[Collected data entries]
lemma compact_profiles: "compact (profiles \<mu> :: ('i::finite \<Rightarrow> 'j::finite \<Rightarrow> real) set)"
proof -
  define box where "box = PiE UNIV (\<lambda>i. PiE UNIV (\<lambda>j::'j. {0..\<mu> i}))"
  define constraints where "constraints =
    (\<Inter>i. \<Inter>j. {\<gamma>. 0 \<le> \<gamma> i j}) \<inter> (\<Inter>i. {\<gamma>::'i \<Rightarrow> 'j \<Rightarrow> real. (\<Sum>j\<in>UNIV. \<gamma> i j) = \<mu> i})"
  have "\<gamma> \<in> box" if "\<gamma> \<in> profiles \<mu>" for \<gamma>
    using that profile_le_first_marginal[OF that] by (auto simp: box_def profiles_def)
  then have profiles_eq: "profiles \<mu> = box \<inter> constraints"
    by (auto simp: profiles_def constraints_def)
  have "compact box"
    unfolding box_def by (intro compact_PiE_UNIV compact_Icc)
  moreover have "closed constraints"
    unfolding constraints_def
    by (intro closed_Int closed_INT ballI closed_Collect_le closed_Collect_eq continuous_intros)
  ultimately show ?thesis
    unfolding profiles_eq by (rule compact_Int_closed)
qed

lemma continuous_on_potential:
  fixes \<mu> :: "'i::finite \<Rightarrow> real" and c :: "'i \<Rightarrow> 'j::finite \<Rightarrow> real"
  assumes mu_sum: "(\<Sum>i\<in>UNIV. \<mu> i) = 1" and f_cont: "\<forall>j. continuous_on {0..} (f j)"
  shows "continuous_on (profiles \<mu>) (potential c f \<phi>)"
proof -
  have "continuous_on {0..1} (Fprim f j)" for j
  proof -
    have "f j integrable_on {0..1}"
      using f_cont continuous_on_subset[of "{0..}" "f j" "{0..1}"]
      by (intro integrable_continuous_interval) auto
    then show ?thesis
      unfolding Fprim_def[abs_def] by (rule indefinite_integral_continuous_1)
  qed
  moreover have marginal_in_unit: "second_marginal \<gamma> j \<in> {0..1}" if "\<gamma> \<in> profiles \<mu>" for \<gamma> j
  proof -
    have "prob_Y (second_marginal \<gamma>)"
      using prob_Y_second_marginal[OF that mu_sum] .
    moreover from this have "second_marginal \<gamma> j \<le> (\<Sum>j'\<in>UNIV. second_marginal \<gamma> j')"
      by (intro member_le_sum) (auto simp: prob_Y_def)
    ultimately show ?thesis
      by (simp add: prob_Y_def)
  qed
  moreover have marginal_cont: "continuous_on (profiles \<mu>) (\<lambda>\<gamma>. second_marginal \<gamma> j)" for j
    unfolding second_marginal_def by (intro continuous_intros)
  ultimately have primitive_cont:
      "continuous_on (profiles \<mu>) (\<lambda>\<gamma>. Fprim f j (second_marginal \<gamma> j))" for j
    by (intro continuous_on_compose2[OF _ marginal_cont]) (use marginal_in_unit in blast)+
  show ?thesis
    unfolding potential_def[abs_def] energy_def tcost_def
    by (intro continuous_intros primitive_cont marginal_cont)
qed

==

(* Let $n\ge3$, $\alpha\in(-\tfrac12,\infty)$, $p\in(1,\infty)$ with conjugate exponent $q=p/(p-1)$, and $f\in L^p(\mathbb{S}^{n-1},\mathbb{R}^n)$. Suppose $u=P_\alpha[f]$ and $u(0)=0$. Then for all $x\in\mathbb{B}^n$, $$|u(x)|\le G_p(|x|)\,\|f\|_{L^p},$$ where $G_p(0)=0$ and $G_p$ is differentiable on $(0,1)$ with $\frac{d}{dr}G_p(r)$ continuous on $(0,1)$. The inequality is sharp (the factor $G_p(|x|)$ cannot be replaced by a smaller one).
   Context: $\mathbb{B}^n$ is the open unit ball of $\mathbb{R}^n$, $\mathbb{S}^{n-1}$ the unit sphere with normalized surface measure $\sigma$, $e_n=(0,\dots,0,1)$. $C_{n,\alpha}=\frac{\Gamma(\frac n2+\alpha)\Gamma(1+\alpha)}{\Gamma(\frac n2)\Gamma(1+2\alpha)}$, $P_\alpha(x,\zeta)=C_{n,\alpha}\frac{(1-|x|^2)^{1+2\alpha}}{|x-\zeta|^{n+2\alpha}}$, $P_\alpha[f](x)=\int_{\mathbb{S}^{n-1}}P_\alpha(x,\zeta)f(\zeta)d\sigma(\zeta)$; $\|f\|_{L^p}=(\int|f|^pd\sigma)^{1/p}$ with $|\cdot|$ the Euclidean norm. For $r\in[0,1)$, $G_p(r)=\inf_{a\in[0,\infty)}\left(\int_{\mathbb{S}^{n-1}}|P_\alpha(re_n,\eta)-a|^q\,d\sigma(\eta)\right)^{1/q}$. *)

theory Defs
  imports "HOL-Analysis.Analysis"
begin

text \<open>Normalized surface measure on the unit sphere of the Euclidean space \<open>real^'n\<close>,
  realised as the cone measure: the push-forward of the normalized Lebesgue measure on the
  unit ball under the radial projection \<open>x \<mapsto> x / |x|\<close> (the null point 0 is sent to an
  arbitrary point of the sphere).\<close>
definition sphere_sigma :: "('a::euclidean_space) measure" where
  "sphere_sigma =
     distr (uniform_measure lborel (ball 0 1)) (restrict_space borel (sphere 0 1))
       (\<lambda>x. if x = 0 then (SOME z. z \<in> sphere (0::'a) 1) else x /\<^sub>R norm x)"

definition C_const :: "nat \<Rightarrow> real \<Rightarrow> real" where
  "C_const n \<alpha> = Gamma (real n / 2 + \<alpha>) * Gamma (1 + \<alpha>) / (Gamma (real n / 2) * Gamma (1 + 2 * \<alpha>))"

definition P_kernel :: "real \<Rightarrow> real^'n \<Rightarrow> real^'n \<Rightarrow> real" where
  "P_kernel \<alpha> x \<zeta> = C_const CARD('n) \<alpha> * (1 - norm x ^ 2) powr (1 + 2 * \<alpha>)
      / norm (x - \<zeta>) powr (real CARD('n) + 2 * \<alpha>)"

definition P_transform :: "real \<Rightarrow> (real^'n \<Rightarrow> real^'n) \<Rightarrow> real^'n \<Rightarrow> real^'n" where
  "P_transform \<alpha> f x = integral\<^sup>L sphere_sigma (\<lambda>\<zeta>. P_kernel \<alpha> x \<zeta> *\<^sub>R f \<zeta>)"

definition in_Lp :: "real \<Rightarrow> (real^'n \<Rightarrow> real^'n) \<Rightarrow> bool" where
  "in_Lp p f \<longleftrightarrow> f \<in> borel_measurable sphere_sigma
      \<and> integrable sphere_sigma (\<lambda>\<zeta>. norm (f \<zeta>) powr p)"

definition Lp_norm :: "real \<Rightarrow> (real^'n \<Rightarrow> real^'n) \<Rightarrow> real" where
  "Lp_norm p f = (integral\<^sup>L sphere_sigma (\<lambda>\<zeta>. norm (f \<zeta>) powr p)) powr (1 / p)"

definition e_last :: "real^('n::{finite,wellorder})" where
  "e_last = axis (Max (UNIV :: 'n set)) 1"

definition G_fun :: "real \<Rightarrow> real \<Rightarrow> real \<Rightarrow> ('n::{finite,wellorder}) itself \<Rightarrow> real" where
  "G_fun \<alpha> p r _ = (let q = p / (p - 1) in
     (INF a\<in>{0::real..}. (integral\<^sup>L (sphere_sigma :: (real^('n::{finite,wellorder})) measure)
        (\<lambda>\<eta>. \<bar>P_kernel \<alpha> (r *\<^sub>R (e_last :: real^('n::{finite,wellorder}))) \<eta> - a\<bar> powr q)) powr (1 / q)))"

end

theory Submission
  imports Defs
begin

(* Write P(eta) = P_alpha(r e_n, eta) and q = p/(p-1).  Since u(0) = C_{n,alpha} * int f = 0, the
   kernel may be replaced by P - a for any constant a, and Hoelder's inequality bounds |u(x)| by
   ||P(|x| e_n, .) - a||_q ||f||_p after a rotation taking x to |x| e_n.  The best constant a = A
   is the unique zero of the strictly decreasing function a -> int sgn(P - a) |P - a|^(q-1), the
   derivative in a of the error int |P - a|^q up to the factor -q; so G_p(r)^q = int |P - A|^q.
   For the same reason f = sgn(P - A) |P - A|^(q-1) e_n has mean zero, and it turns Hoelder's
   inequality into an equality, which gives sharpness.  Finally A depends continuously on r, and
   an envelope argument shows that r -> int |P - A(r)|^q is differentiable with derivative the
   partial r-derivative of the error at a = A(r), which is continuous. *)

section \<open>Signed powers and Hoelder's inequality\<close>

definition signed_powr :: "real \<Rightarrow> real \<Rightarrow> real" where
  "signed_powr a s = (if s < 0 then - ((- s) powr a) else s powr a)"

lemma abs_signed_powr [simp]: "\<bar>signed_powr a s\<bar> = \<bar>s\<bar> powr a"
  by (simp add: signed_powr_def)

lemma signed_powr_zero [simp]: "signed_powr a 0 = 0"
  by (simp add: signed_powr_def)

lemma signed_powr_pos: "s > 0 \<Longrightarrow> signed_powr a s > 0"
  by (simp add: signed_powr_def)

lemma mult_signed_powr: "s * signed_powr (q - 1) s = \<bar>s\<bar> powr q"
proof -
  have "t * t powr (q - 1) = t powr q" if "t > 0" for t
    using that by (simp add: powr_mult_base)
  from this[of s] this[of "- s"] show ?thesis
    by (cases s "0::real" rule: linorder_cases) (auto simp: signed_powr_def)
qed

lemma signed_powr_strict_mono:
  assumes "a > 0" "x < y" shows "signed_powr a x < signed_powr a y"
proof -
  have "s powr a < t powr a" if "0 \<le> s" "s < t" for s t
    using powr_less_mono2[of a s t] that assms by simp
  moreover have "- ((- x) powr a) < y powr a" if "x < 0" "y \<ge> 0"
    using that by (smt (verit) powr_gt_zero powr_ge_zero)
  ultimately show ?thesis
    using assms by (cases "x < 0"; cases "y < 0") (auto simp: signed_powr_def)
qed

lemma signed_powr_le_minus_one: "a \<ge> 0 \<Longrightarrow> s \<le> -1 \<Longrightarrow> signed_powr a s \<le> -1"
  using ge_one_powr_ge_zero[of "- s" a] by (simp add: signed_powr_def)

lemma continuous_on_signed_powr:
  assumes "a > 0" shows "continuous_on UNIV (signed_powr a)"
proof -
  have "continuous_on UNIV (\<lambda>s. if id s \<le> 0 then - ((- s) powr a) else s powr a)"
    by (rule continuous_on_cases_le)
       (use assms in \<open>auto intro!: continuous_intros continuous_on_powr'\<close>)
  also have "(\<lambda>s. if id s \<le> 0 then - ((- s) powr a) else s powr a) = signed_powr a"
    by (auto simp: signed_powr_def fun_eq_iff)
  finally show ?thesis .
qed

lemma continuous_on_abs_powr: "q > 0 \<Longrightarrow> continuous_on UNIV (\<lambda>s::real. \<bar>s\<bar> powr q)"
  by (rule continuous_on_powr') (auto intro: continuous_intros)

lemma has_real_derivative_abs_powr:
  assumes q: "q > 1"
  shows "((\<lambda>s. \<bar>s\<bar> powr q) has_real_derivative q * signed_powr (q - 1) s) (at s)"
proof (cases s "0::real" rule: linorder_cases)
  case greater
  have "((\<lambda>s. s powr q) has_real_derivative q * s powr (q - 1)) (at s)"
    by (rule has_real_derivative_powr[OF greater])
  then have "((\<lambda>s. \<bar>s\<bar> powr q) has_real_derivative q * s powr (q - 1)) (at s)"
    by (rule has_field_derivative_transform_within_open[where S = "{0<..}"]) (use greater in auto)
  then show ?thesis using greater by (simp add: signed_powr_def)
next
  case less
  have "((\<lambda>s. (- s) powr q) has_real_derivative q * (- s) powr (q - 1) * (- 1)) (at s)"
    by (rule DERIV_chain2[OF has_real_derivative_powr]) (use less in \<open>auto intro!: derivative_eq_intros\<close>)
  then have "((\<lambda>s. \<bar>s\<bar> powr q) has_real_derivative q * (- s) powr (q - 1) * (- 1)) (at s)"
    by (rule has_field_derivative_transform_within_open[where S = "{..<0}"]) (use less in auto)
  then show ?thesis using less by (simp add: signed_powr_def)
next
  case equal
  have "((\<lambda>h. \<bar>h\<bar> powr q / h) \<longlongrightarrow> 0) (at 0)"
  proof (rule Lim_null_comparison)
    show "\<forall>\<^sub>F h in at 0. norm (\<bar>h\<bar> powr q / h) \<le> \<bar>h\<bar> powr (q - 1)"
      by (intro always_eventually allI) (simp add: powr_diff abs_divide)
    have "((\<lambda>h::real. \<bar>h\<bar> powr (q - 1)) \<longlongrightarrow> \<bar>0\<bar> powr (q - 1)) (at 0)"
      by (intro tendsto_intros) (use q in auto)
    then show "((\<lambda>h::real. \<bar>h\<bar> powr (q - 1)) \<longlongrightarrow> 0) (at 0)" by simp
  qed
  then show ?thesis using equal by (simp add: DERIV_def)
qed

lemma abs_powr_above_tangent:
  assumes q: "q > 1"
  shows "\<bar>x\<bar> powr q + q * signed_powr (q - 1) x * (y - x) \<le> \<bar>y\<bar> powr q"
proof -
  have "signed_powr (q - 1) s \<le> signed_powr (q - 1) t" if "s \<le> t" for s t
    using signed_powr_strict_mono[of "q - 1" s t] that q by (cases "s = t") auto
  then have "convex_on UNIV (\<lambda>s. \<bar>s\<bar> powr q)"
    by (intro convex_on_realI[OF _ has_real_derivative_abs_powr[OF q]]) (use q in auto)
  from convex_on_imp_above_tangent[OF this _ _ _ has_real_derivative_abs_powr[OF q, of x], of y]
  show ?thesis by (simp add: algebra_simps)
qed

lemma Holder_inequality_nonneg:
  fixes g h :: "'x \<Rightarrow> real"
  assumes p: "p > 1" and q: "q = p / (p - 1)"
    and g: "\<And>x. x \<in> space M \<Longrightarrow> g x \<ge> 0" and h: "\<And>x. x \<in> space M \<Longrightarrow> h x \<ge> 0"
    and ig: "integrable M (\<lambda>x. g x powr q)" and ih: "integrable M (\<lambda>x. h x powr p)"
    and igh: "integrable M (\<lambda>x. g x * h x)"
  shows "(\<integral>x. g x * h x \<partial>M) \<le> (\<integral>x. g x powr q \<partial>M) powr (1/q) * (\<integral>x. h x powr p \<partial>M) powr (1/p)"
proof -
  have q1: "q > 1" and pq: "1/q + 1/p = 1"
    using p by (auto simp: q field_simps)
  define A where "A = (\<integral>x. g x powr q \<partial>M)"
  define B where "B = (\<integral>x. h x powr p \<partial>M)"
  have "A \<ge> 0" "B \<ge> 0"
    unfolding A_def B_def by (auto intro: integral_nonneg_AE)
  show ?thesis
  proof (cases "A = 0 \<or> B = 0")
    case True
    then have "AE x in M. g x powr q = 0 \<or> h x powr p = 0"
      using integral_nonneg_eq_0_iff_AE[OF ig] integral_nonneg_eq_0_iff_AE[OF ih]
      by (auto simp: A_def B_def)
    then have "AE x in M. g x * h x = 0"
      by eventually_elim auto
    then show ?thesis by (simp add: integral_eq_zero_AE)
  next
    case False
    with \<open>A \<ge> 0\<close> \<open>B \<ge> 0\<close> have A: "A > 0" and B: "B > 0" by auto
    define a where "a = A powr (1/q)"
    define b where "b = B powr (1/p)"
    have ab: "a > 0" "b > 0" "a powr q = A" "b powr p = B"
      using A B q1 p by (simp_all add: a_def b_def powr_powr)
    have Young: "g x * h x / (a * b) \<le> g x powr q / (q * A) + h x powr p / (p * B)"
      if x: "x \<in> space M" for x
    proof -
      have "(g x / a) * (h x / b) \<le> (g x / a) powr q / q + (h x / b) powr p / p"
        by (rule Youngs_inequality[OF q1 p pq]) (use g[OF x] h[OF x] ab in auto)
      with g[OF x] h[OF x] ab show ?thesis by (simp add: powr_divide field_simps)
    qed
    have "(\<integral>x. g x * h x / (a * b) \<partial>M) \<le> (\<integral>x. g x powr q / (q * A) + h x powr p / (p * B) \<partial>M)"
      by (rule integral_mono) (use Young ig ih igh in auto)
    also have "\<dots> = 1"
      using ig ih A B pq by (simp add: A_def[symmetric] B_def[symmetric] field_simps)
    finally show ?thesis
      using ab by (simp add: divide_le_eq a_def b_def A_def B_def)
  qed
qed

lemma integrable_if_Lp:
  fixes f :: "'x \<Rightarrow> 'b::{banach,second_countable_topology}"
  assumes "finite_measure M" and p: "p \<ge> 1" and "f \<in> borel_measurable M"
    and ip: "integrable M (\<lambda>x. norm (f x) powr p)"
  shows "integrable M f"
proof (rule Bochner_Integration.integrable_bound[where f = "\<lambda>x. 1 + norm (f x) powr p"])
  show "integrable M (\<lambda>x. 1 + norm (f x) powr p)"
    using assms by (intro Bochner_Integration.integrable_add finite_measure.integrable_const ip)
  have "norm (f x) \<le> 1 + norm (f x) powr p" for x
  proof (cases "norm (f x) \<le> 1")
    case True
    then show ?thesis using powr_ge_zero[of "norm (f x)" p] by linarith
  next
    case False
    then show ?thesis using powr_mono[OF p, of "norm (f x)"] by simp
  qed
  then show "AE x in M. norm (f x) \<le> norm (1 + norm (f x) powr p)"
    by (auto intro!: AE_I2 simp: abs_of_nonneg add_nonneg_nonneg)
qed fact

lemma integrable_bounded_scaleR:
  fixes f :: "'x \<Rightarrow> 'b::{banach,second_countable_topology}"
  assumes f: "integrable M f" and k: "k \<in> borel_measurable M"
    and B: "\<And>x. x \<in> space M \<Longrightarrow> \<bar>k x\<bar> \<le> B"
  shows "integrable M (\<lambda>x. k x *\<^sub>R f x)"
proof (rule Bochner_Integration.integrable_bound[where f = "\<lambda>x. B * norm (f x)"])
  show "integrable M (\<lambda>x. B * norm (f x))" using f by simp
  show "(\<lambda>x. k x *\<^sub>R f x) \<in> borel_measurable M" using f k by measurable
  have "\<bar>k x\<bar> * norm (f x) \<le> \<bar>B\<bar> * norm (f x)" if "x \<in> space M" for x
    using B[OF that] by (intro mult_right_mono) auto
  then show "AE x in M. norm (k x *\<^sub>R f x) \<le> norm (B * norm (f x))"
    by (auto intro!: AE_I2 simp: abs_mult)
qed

## Instructions for the task:
Exact duplication is required for the lines above, from the line that contains "imports Defs" to the line that contains "section \<open>Signed powers", inclusive; omit all others.

## Final answer:
  imports Defs
begin

(* Write P(eta) = P_alpha(r e_n, eta) and q = p/(p-1).  Since u(0) = C_{n,alpha} * int f = 0, the
   kernel may be replaced by P - a for any constant a, and Hoelder's inequality bounds |u(x)| by
   ||P(|x| e_n, .) - a||_q ||f||_p after a rotation taking x to |x| e_n.  The best constant a = A
   is the unique zero of the strictly decreasing function a -> int sgn(P - a) |P - a|^(q-1), the
   derivative in a of the error int |P - a|^q up to the factor -q; so G_p(r)^q = int |P - A|^q.
   For the same reason f = sgn(P - A) |P - A|^(q-1) e_n has mean zero, and it turns Hoelder's
   inequality into an equality, which gives sharpness.  Finally A depends continuously on r, and
   an envelope argument shows that r -> int |P - A(r)|^q is differentiable with derivative the
   partial r-derivative of the error at a = A(r), which is continuous. *)

section \<open>Signed powers and Hoelder's inequality\<close>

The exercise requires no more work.